Reference Data Utility on the WFIC Agenda

Bi-annual conference promises insight into where the proposed SPReD utility may take data management


At the tail-end of the summer, the Securities Product Reference Data utility (SPReD) became a hot topic. Its reported backers, JP Morgan, Morgan Stanley and Goldman Sachs, were not the ones doing the talking, however, as no official announcement of the service was made, nor had one been made through today, October 2.

Nevertheless, some other major industry firms will be speaking more generally about the prospect of a reference data utility (RDU) like SPReD at next week's World Financial Information Conference (WFIC) in New Orleans, organized by the FISD industry association, which addresses data, trading and regulatory compliance issues of concern. Representatives of the Intercontinental Exchange, State Street and Dun & Bradstreet are scheduled to share thoughts on how data providers can fit into an RDU format, among other questions.

In a column shortly after the original news of plans for SPReD surfaced, I called the venture an effort by the sell side to recoup control of data management and processes.

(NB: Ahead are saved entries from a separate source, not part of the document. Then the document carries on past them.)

(* Let $\mathcal C\subset\mathbb R^2$ be a nonempty open bounded convex set with $0\in\mathcal C\subset B^2$, where $B^2$ is the open Euclidean unit disc, and let $A,B$ be two distinct points of the unit circle $S^1$. Then for every $R>0$, $$\mu_{\mathcal C}\big(\mathcal B_{\mathcal C}(0,R)\cap\sphericalangle(A0B)\big)\ \le\ \frac{\pi e^{8R}}{\mathrm{vol}(\mathcal B_{\mathcal C}(0,1))}\cdot\frac{\widehat{A0B}}{2},$$ where $\widehat{A0B}\in[0,\pi]$ is the angle defined by $\cos\widehat{A0B}=\langle A,B\rangle$ (Euclidean inner product).
   Context: Let $\mathcal C\subset\mathbb R^m$ be a nonempty open bounded convex set. For distinct $p,q\in\mathcal C$, let $a,b$ be the intersection points of the straight line through $p,q$ with $\partial\mathcal C$, labelled so that $p=(1-s)a+sb$ and $q=(1-t)a+tb$ with $0<s<t<1$; the Hilbert metric is $d_{\mathcal C}(p,q)=\frac12\ln\!\big(\frac{1-s}{s}\cdot\frac{t}{1-t}\big)$, and $d_{\mathcal C}(p,p)=0$. The associated Finsler norm at $p\in\mathcal C$ is $F_{\mathcal C}(p,v)=\frac12\big(\frac1{t^-}+\frac1{t^+}\big)$ for $v\neq0$, where $t^\pm>0$ are the unique numbers with $p-t^-v\in\partial\mathcal C$ and $p+t^+v\in\partial\mathcal C$, and $F_{\mathcal C}(p,0)=0$. Let $B_{\mathcal C}(p)=\{v\in\mathbb R^m : F_{\mathcal C}(p,v)<1\}$, let $\mathrm{vol}$ be Lebesgue measure on $\mathbb R^m$ and $\omega_m$ the Lebesgue volume of the Euclidean unit ball (so $\omega_2=\pi$). The Hilbert measure is $\mu_{\mathcal C}(A)=\int_A\frac{\omega_m}{\mathrm{vol}(B_{\mathcal C}(p))}\,d\mathrm{vol}(p)$ for Borel $A\subset\mathcal C$. When $0\in\mathcal C$ and $R>0$, $\mathcal B_{\mathcal C}(0,R)=\{p\in\mathcal C : d_{\mathcal C}(0,p)<R\}$ denotes the open metric ball; $\mathrm{vol}(\mathcal B_{\mathcal C}(0,1))$ is its Lebesgue area. For distinct points $a,b,c\in\mathbb R^2$, $\sphericalangle(bac)$ denotes the sector defined as the convex hull of the union of the half-lines $a+\mathbb R_{+}(b-a)$ and $a+\mathbb R_{+}(c-a)$. The proof may use the known fact (Colbois–Vernicos) that for any such $\mathcal C\subset\mathbb R^m$ with $0\in\mathcal C$, $\mathrm{vol}(\mathcal B_{\mathcal C}(0,R))\le e^{8R}\,\mathrm{vol}(B_{\mathcal C}(p))$ for all $R>0$ and $p\in\mathcal B_{\mathcal C}(0,R)$. *)

theory Defs
  imports "HOL-Analysis.Analysis"
begin
(* Let $n,m,p,q\ge 1$ be integers and let $A\in\mathbb{R}^{n\times n}$, $B\in\mathbb{R}^{n\times m}$, $C\in\mathbb{R}^{p\times n}$. Consider the linear system $$\delta x_t = A\,\delta x_{t-1} + B\,\delta u_{t-1},\qquad \delta z_t = C\,\delta x_t ,$$ with states $\delta x_t\in\mathbb{R}^n$, inputs $\delta u_t\in\mathbb{R}^m$ and outputs $\delta z_t\in\mathbb{R}^p$. Define the $qp\times n$ matrix $$\mathcal{O}_q = \begin{bmatrix} CA^{q-1}\\ CA^{q-2}\\ \vdots\\ CA\\ C\end{bmatrix},$$ and the $qp\times qm$ block matrix $\mathcal{H}_q$ whose $(i,j)$ block ($i,j=1,\dots,q$, blocks of size $p\times m$) equals $CA^{j-i-1}B$ if $j>i$ and $0$ if $j\le i$. Suppose $\mathcal{O}_q$ has full column rank, and let $\mathcal{O}_q^+$ denote its Moore–Penrose pseudoinverse. Define $p\times p$ matrices $\alpha_{t-1},\dots,\alpha_{t-q}$ and $p\times m$ matrices $\beta_{t-1},\dots,\beta_{t-q}$ by $$[\alpha_{t-1}\,|\,\alpha_{t-2}\,|\cdots|\,\alpha_{t-q}] = CA^{q}\mathcal{O}_q^+,$$ $$[\beta_{t-1}\,|\,\beta_{t-2}\,|\cdots|\,\beta_{t-q}] = \begin{bmatrix} CB & CAB & \cdots & CA^{q-1}B\end{bmatrix} - CA^{q}\mathcal{O}_q^+\mathcal{H}_q .$$ Then every trajectory of the system exactly satisfies the ARMA model of order $q$: $$\delta z_t = \alpha_{t-1}\delta z_{t-1}+\cdots+\alpha_{t-q}\delta z_{t-q} + \beta_{t-1}\delta u_{t-1}+\cdots+\beta_{t-q}\delta u_{t-q}$$ for all $t$ for which the indices $t-1,\dots,t-q$ are defined.
   Context: The subscripts on $\alpha$ and $\beta$ only indicate which past output/input each coefficient multiplies; for this time-invariant system the coefficients do not depend on $t$. The blocks of $CA^q\mathcal{O}_q^+$ (size $p\times p$) and of the right-hand side of the $\beta$ equation (size $p\times m$) are read left to right. *)

theory Defs
  imports "Jordan_Normal_Form.DL_Rank"
begin

text \<open>Extended observability matrix O_q (qp x n): block row i (i = 0..q-1) is C A^(q-1-i).\<close>
definition obs_mat :: "real mat \<Rightarrow> real mat \<Rightarrow> nat \<Rightarrow> real mat" where
  "obs_mat A C q =
     mat (q * dim_row C) (dim_col A)
       (\<lambda>(i, j). (C * A ^\<^sub>m (q - 1 - i div dim_row C)) $$ (i mod dim_row C, j))"

text \<open>Block Toeplitz matrix H_q (qp x qm): block (i,j) (0-based) is C A^(j-i-1) B if j > i, else 0.\<close>
definition toep_mat :: "real mat \<Rightarrow> real mat \<Rightarrow> real mat \<Rightarrow> nat \<Rightarrow> real mat" where
  "toep_mat A B C q =
     mat (q * dim_row C) (q * dim_col B)
       (\<lambda>(i, j). if j div dim_col B > i div dim_row C
                 then (C * A ^\<^sub>m (j div dim_col B - i div dim_row C - 1) * B)
                        $$ (i mod dim_row C, j mod dim_col B)
                 else 0)"

definition markov_row :: "real mat \<Rightarrow> real mat \<Rightarrow> real mat \<Rightarrow> nat \<Rightarrow> real mat" where
  "markov_row A B C q =
     mat (dim_row C) (q * dim_col B)
       (\<lambda>(i, j). (C * A ^\<^sub>m (j div dim_col B) * B) $$ (i, j mod dim_col B))"

definition is_mp_pinv :: "real mat \<Rightarrow> real mat \<Rightarrow> bool" where
  "is_mp_pinv M X \<longleftrightarrow> X \<in> carrier_mat (dim_col M) (dim_row M) \<and>
      M * X * M = M \<and> X * M * X = X \<and>
      transpose_mat (M * X) = M * X \<and> transpose_mat (X * M) = X * M"
(* Second prolongation of Y applied to a second-order differential function
   Delta(z,t,u,u_z,u_t,u_zz) (depending on no other second-order derivatives). *)
definition prol2_apply where
  "prol2_apply Delta xi tau eta z t u p q r s =
       xi z t u * deriv (\<lambda>z'. Delta z' t u p q r) z
     + tau z t u * deriv (\<lambda>t'. Delta z t' u p q r) t
     + eta z t u * deriv (\<lambda>u'. Delta z t u' p q r) u
     + prol_z xi tau eta z t u p q * deriv (\<lambda>p'. Delta z t u p' q r) p
     + prol_t xi tau eta z t u p q * deriv (\<lambda>q'. Delta z t u p q' r) q
     + prol_zz xi tau eta z t u p q r s * deriv (\<lambda>r'. Delta z t u p q r') r"

definition admits_symmetry where
  "admits_symmetry Delta xi tau eta \<longleftrightarrow>
     (\<forall>z t u p q r s. z > 0 \<longrightarrow> Delta z t u p q r = 0 \<longrightarrow>
        prol2_apply Delta xi tau eta z t u p q r s = 0)"

definition heat_eq :: "(real \<Rightarrow> real) \<Rightarrow> (real \<Rightarrow> real) \<Rightarrow>
    real \<Rightarrow> real \<Rightarrow> real \<Rightarrow> real \<Rightarrow> real \<Rightarrow> real \<Rightarrow> real" where
  "heat_eq C K z t u p q r = C u * q - deriv K u * p^2 - K u * r - 2 / z * K u * p"

end

theory Submission
  imports Defs
begin

(* Under the Kirchhoff substitution w = J(u) the equation becomes the linear radial heat equation
   beta w_t = w_zz + (2/z) w_z, and eta = A(z,t) J(u)/K(u) becomes A(z,t) w.  Accordingly, for
   xi = X(z,t), tau = T(t), eta = A(z,t) J(u)/K(u) the symmetry condition on solutions only uses
   (gK)' = K and (gK)'' = K' for g = J/K, and reduces to the linear determining equations
   T' = 2 X_z,  2 A_z = 2X/z^2 - 2X_z/z - beta X_t + X_zz,  beta A_t = A_zz + (2/z) A_z,
   which each of the six generators satisfies. *)

lemma smooth_real_has_derivative:
  assumes "smooth_real f"
  shows "((deriv ^^ n) f has_real_derivative (deriv ^^ Suc n) f x) (at x)"
  using assms unfolding smooth_real_def by (simp add: DERIV_deriv_iff_real_differentiable)

lemma deriv_eq_on_positive:
  assumes "z > 0" and "\<And>y. y > 0 \<Longrightarrow> f y = h y" and "(h has_real_derivative D) (at z)"
  shows "deriv f z = D"
proof (rule DERIV_imp_deriv)
  show "(f has_real_derivative D) (at z)"
    by (rule has_field_derivative_transform_within_open[of h D z "{0<..}"]) (use assms in auto)
qed

lemma antiderivative_quotient_derivatives:
  fixes J K K1 K2 :: "real \<Rightarrow> real"
  assumes J: "\<And>u. (J has_real_derivative K u) (at u)"
    and K: "\<And>u. (K has_real_derivative K1 u) (at u)"
    and K1: "\<And>u. (K1 has_real_derivative K2 u) (at u)"
    and K_nz: "\<And>u. K u \<noteq> 0"
  obtains g1 g2 where "\<And>u. ((\<lambda>u. J u / K u) has_real_derivative g1 u) (at u)"
    and "\<And>u. (g1 has_real_derivative g2 u) (at u)"
    and "\<And>u. g1 u * K u + J u / K u * K1 u = K u"
    and "\<And>u. g2 u * K u + 2 * g1 u * K1 u + J u / K u * K2 u = K1 u"
proof -
  define g where "g u = J u / K u" for u
  define g1 where "g1 u = (K u - g u * K1 u) / K u" for u
  define g2 where "g2 u = (K1 u - 2 * g1 u * K1 u - g u * K2 u) / K u" for u
  have g: "(g has_real_derivative g1 u) (at u)" for u
  proof (rule DERIV_cong)
    show "(g has_real_derivative (K u * K u - J u * K1 u) / (K u * K u)) (at u)"
      unfolding g_def[abs_def] using J K K_nz by (rule DERIV_divide)
  qed (use K_nz[of u] in \<open>simp add: g_def g1_def field_simps\<close>)
  have "(g1 has_real_derivative g2 u) (at u)" for u
  proof -
    have "((\<lambda>u. (K u - g u * K1 u) / K u) has_real_derivative
        ((K1 u - (g1 u * K1 u + K2 u * g u)) * K u - (K u - g u * K1 u) * K1 u) / (K u * K u)) (at u)"
      by (intro DERIV_divide DERIV_diff DERIV_mult g K K1 K_nz)
    moreover have "((K1 u - (g1 u * K1 u + K2 u * g u)) * K u - (K u - g u * K1 u) * K1 u) / (K u * K u) = g2 u"
      using K_nz[of u] by (simp add: g1_def g2_def field_simps)
    ultimately show ?thesis unfolding g1_def[abs_def] by (rule DERIV_cong)
  qed
  moreover have "g1 u * K u + g u * K1 u = K u" "g2 u * K u + 2 * g1 u * K1 u + g u * K2 u = K1 u" for u
    using K_nz[of u] by (simp_all add: g1_def g2_def field_simps)
  ultimately show thesis using that g unfolding g_def by blast
qed

lemma heat_eq_expanded:
  assumes "\<And>u. (K has_real_derivative K1 u) (at u)" and "\<And>u. C u = \<beta> * K u"
  shows "heat_eq C K = (\<lambda>z t u p q r. \<beta> * K u * q - K1 u * p^2 - K u * r - 2 / z * K u * p)"
proof -
  have "deriv K = K1"
    using assms(1) DERIV_imp_deriv by blast
  then show ?thesis
    by (simp add: heat_eq_def assms(2) fun_eq_iff)
qed

lemma prol2_apply_heat_eq:
  fixes K K1 K2 C :: "real \<Rightarrow> real"
  assumes K: "\<And>u. (K has_real_derivative K1 u) (at u)"
    and K1: "\<And>u. (K1 has_real_derivative K2 u) (at u)"
    and C: "\<And>u. C u = \<beta> * K u" and z: "z \<noteq> 0"
  shows "prol2_apply (heat_eq C K) xi tau eta z t u p q r s =
      xi z t u * (2 / z^2 * K u * p)
    + eta z t u * (\<beta> * K1 u * q - K2 u * p^2 - K1 u * r - 2 / z * K1 u * p)
    - prol_z xi tau eta z t u p q * (2 * K1 u * p + 2 / z * K u)
    + prol_t xi tau eta z t u p q * (\<beta> * K u)
    - prol_zz xi tau eta z t u p q r s * K u"
proof -
  have "deriv (\<lambda>z. \<beta> * K u * q - K1 u * p^2 - K u * r - 2 / z * K u * p) z = 2 / z^2 * K u * p"
    by (rule DERIV_imp_deriv) (auto intro!: derivative_eq_intros simp: z field_simps power2_eq_square)
  moreover have "deriv (\<lambda>t. \<beta> * K u * q - K1 u * p^2 - K u * r - 2 / z * K u * p) t = 0"
    by simp
  moreover have "deriv (\<lambda>u. \<beta> * K u * q - K1 u * p^2 - K u * r - 2 / z * K u * p) u
      = \<beta> * K1 u * q - K2 u * p^2 - K1 u * r - 2 / z * K1 u * p"
    by (rule DERIV_imp_deriv) (auto intro!: derivative_eq_intros K K1 simp: z)
  moreover have "deriv (\<lambda>p. \<beta> * K u * q - K1 u * p^2 - K u * r - 2 / z * K u * p) p
      = - (2 * K1 u * p + 2 / z * K u)"
    by (rule DERIV_imp_deriv) (auto intro!: derivative_eq_intros simp: z)
  moreover have "deriv (\<lambda>q. \<beta> * K u * q - K1 u * p^2 - K u * r - 2 / z * K u * p) q = \<beta> * K u"
    by (rule DERIV_imp_deriv) (auto intro!: derivative_eq_intros simp: z)
  moreover have "deriv (\<lambda>r. \<beta> * K u * q - K1 u * p^2 - K u * r - 2 / z * K u * p) r = - K u"
    by (rule DERIV_imp_deriv) (auto intro!: derivative_eq_intros simp: z)
  ultimately show ?thesis
    unfolding prol2_apply_def heat_eq_expanded[OF K C] by simp (simp add: algebra_simps)
qed

lemma prol_coeffs_separable:
  fixes X A :: "real \<Rightarrow> real \<Rightarrow> real" and T g :: "real \<Rightarrow> real"
  assumes X_z: "\<And>z t. z > 0 \<Longrightarrow> ((\<lambda>z. X z t) has_real_derivative Xz z t) (at z)"
    and X_zz: "\<And>z t. z > 0 \<Longrightarrow> ((\<lambda>z. Xz z t) has_real_derivative Xzz z t) (at z)"
    and X_t: "\<And>z t. z > 0 \<Longrightarrow> ((\<lambda>t. X z t) has_real_derivative Xt z t) (at t)"
    and T_t: "\<And>t. (T has_real_derivative Tt t) (at t)"
    and A_z: "\<And>z t. z > 0 \<Longrightarrow> ((\<lambda>z. A z t) has_real_derivative Az z t) (at z)"
    and A_zz: "\<And>z t. z > 0 \<Longrightarrow> ((\<lambda>z. Az z t) has_real_derivative Azz z t) (at z)"
    and A_t: "\<And>z t. z > 0 \<Longrightarrow> ((\<lambda>t. A z t) has_real_derivative At z t) (at t)"
    and g: "\<And>u. (g has_real_derivative g1 u) (at u)"
    and g1: "\<And>u. (g1 has_real_derivative g2 u) (at u)"
    and z: "z > 0"
  shows "prol_z (\<lambda>z t u. X z t) (\<lambda>z t u. T t) (\<lambda>z t u. A z t * g u) z t u p q
      = Az z t * g u + (A z t * g1 u - Xz z t) * p"
    and "prol_t (\<lambda>z t u. X z t) (\<lambda>z t u. T t) (\<lambda>z t u. A z t * g u) z t u p q
      = At z t * g u - Xt z t * p + (A z t * g1 u - Tt t) * q"
    and "prol_zz (\<lambda>z t u. X z t) (\<lambda>z t u. T t) (\<lambda>z t u. A z t * g u) z t u p q r s
      = Azz z t * g u + (2 * Az z t * g1 u - Xzz z t) * p + A z t * g2 u * p^2
        + (A z t * g1 u - 2 * Xz z t) * r"
proof -
  let ?xi = "\<lambda>z t u. X z t" and ?tau = "\<lambda>z t (u::real). T t" and ?eta = "\<lambda>z t u. A z t * g u"
  have pz_xi: "pz ?xi z' t u = Xz z' t" if "z' > 0" for z' t u
    unfolding pz_def using X_z[OF that] by (rule DERIV_imp_deriv)
  have pz_eta: "pz ?eta z' t u = Az z' t * g u" if "z' > 0" for z' t u
    unfolding pz_def by (rule DERIV_imp_deriv) (auto intro!: derivative_eq_intros A_z that)
  have pzz_xi: "pz (pz ?xi) z t u = Xzz z t"
    unfolding pz_def[of "pz ?xi"] by (rule deriv_eq_on_positive[OF z _ X_zz[OF z]]) (rule pz_xi)
  have pzz_eta: "pz (pz ?eta) z t u = Azz z t * g u"
    unfolding pz_def[of "pz ?eta"]
    by (rule deriv_eq_on_positive[OF z _ DERIV_cmult_right[OF A_zz[OF z]]]) (rule pz_eta)
  have pzu_eta: "pu (pz ?eta) z t u = Az z t * g1 u"
    unfolding pu_def pz_eta[OF z] by (rule DERIV_imp_deriv) (auto intro!: derivative_eq_intros g)
  have pt_xi: "pt ?xi z t u = Xt z t"
    unfolding pt_def using X_t[OF z] by (rule DERIV_imp_deriv)
  have pt_tau: "pt ?tau z t u = Tt t"
    unfolding pt_def using T_t by (rule DERIV_imp_deriv)
  have pt_eta: "pt ?eta z t u = At z t * g u"
    unfolding pt_def by (rule DERIV_imp_deriv) (auto intro!: derivative_eq_intros A_t z)
  have pu_eta: "pu ?eta z t u' = A z t * g1 u'" for u'
    unfolding pu_def by (rule DERIV_imp_deriv) (auto intro!: derivative_eq_intros g)
  have puu_eta: "pu (pu ?eta) z t u = A z t * g2 u"
    unfolding pu_def[of "pu ?eta"] pu_eta by (rule DERIV_imp_deriv) (auto intro!: derivative_eq_intros g1)
  have vanishing: "pu ?xi z t u = 0" "pu (pz ?xi) z t u = 0" "pu (pu ?xi) z t u = 0"
    "pz ?tau z t u = 0" "pz (pz ?tau) z t u = 0" "pu ?tau z t u = 0"
    "pu (pz ?tau) z t u = 0" "pu (pu ?tau) z t u = 0"
    by (simp_all add: pz_def pu_def)
  show "prol_z ?xi ?tau ?eta z t u p q = Az z t * g u + (A z t * g1 u - Xz z t) * p"
    and "prol_t ?xi ?tau ?eta z t u p q = At z t * g u - Xt z t * p + (A z t * g1 u - Tt t) * q"
    and "prol_zz ?xi ?tau ?eta z t u p q r s = Azz z t * g u + (2 * Az z t * g1 u - Xzz z t) * p
        + A z t * g2 u * p^2 + (A z t * g1 u - 2 * Xz z t) * r"
    unfolding prol_z_def prol_t_def prol_zz_def pz_xi[OF z] pz_eta[OF z] pzz_xi pzz_eta pzu_eta
      pt_xi pt_tau pt_eta pu_eta puu_eta vanishing
    by (simp_all add: algebra_simps)
qed

lemma heat_eq_admits_separable_symmetry:
  fixes K K1 K2 J C T Tt :: "real \<Rightarrow> real" and X Xz Xzz Xt A Az Azz At :: "real \<Rightarrow> real \<Rightarrow> real"
  assumes K: "\<And>u. (K has_real_derivative K1 u) (at u)"
    and K1: "\<And>u. (K1 has_real_derivative K2 u) (at u)"
    and K_nz: "\<And>u. K u \<noteq> 0"
    and C: "\<And>u. C u = \<beta> * K u"
    and J: "\<And>u. (J has_real_derivative K u) (at u)"
    and X_z: "\<And>z t. z > 0 \<Longrightarrow> ((\<lambda>z. X z t) has_real_derivative Xz z t) (at z)"
    and X_zz: "\<And>z t. z > 0 \<Longrightarrow> ((\<lambda>z. Xz z t) has_real_derivative Xzz z t) (at z)"
    and X_t: "\<And>z t. z > 0 \<Longrightarrow> ((\<lambda>t. X z t) has_real_derivative Xt z t) (at t)"
    and T_t: "\<And>t. (T has_real_derivative Tt t) (at t)"
    and A_z: "\<And>z t. z > 0 \<Longrightarrow> ((\<lambda>z. A z t) has_real_derivative Az z t) (at z)"
    and A_zz: "\<And>z t. z > 0 \<Longrightarrow> ((\<lambda>z. Az z t) has_real_derivative Azz z t) (at z)"
    and A_t: "\<And>z t. z > 0 \<Longrightarrow> ((\<lambda>t. A z t) has_real_derivative At z t) (at t)"
    and det_T: "\<And>z t. z > 0 \<Longrightarrow> Tt t = 2 * Xz z t"
    and det_A: "\<And>z t. z > 0 \<Longrightarrow> 2 * Az z t = 2 * X z t / z^2 - 2 * Xz z t / z - \<beta> * Xt z t + Xzz z t"
    and det_A_heat: "\<And>z t. z > 0 \<Longrightarrow> \<beta> * At z t = Azz z t + 2 / z * Az z t"
  shows "admits_symmetry (heat_eq C K)
    (\<lambda>z t u. X z t) (\<lambda>z t u. T t) (\<lambda>z t u. A z t * (J u / K u))"
  unfolding admits_symmetry_def
proof (intro allI impI)
  fix z t u p q r s :: real
  assume z: "z > 0" and sol: "heat_eq C K z t u p q r = 0"
  obtain g1 g2 where g: "\<And>u. ((\<lambda>u. J u / K u) has_real_derivative g1 u) (at u)"
    and g1: "\<And>u. (g1 has_real_derivative g2 u) (at u)"
    and g1_eq: "\<And>u. g1 u * K u + J u / K u * K1 u = K u"
    and g2_eq: "\<And>u. g2 u * K u + 2 * g1 u * K1 u + J u / K u * K2 u = K1 u"
    using antiderivative_quotient_derivatives[OF J K K1 K_nz] by blast
  have sol': "\<beta> * K u * q - K1 u * p^2 - K u * r - 2 / z * K u * p = 0"
    using sol by (simp add: heat_eq_expanded[OF K C])
  have det: "Tt t - 2 * Xz z t = 0"
      "2 * X z t / z^2 - 2 * Xz z t / z - \<beta> * Xt z t + Xzz z t - 2 * Az z t = 0"
      "\<beta> * At z t - Azz z t - 2 / z * Az z t = 0"
    using det_T[OF z, of t] det_A[OF z, of t] det_A_heat[OF z, of t] by simp_all
  have "prol2_apply (heat_eq C K) (\<lambda>z t u. X z t) (\<lambda>z t u. T t) (\<lambda>z t u. A z t * (J u / K u)) z t u p q r s
      = (g1 u * K u + J u / K u * K1 u - K u) * (\<beta> * A z t * q - 2 / z * A z t * p - 2 * Az z t * p - A z t * r)
      - A z t * p^2 * (g2 u * K u + 2 * g1 u * K1 u + J u / K u * K2 u - K1 u)
      + (A z t - 2 * Xz z t) * (\<beta> * K u * q - K1 u * p^2 - K u * r - 2 / z * K u * p)
      - \<beta> * K u * q * (Tt t - 2 * Xz z t)
      + K u * p * (2 * X z t / z^2 - 2 * Xz z t / z - \<beta> * Xt z t + Xzz z t - 2 * Az z t)
      + J u / K u * K u * (\<beta> * At z t - Azz z t - 2 / z * Az z t)"
    using z
    by (simp only: prol2_apply_heat_eq[OF K K1 C z[THEN dual_order.strict_implies_not_eq]]
        prol_coeffs_separable[OF X_z X_zz X_t T_t A_z A_zz A_t g g1 z])
      (simp add: field_simps power2_eq_square)
  also have "\<dots> = 0"
    using g1_eq[of u] g2_eq[of u] sol' det by simp
  finally show "prol2_apply (heat_eq C K) (\<lambda>z t u. X z t) (\<lambda>z t u. T t)
      (\<lambda>z t u. A z t * (J u / K u)) z t u p q r s = 0" .
qed
(* Let $G$ be a planar PCC graph and let $\sigma,\sigma',\kappa$ be faces with $|\sigma|,|\sigma'|\ge 20$ and $|\kappa|\le 6$. Let $e,e'$ be edges on the boundary of $\kappa$ such that $e$ lies on the boundary of $\sigma$ and $e'$ lies on the boundary of $\sigma'$. Then $\sigma=\sigma'$ and $e=e'$.
   Context: $G$ is a finite simple connected graph 2-cell embedded in the sphere; $|\sigma|$ denotes the length of the boundary walk of a face $\sigma$; for a vertex $v$, $F(v)$ is the multiset of faces incident to $v$ (one per corner) and $K(v)=1-\frac{\deg(v)}{2}+\sum_{\sigma\in F(v)}\frac1{|\sigma|}$. A prism (resp. antiprism) of order $N$ is the planar graph with $2N$ vertices, two $N$-faces and $N$ quadrilaterals (resp. $2N$ triangles), each vertex incident to two quadrilaterals and one $N$-face (resp. three triangles and one $N$-face). A planar PCC graph is such a $G$ with $K(v)>0$, $\deg(v)\ge3$ for all $v$, not a prism or antiprism. *)

theory Defs
  imports Complex_Main
begin

text \<open>
  A finite connected graph 2-cell embedded in an orientable surface is encoded, as usual,
  by a combinatorial map (rotation system) on a finite set D of darts (half-edges):
  alpha is the fixed-point-free involution pairing the two darts of an edge, rho is the
  rotation permutation (cyclic order of darts around their common tail vertex).  The dart x at vertex v represents the corner (x, rho x) of v, and this
  corner lies in the face containing x.  Hence the length of the boundary walk of a face is
  the number of darts in its orbit, and an edge lies on the boundary of a face iff they share
  a dart.  The embedding is in the sphere iff the map is connected and V - E + F = 2.
\<close>

definition orb :: "('d \<Rightarrow> 'd) \<Rightarrow> 'd \<Rightarrow> 'd set" where
  "orb f x = {(f ^^ n) x | n. True}"

definition face_perm :: "('d \<Rightarrow> 'd) \<Rightarrow> ('d \<Rightarrow> 'd) \<Rightarrow> 'd \<Rightarrow> 'd" where
  "face_perm alpha rho = alpha \<circ> rho"

definition map_verts :: "'d set \<Rightarrow> ('d \<Rightarrow> 'd) \<Rightarrow> 'd set set" where
  "map_verts D rho = orb rho ` D"

definition map_edges :: "'d set \<Rightarrow> ('d \<Rightarrow> 'd) \<Rightarrow> 'd set set" where
  "map_edges D alpha = orb alpha ` D"

definition map_faces :: "'d set \<Rightarrow> ('d \<Rightarrow> 'd) \<Rightarrow> ('d \<Rightarrow> 'd) \<Rightarrow> 'd set set" where
  "map_faces D alpha rho = orb (face_perm alpha rho) ` D"

definition comb_map :: "'d set \<Rightarrow> ('d \<Rightarrow> 'd) \<Rightarrow> ('d \<Rightarrow> 'd) \<Rightarrow> bool" where
  "comb_map D alpha rho \<longleftrightarrow> finite D \<and> bij_betw rho D D \<and>
     (\<forall>x\<in>D. alpha x \<in> D \<and> alpha x \<noteq> x \<and> alpha (alpha x) = x)"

Part of the planned discussion at WFIC is expected to explore the differences between how the buy side and the sell side view SPReD or any other RDU.

An interesting question for such a discussion is how the benefits that the sell side—and SPReD's backers in particular—may reap from its use could trickle down or flow over to the buy side. Would sell-side firms' greater efficiency and command of reference data make for more accurate market information and dealings, which buy-side firms and funds would then be able to leverage? This could be something to follow, presuming plans for SPReD are soon finalized by its backers with SmartStream, the data services company whose Reference Data Utility service is slated to be SPReD's engine.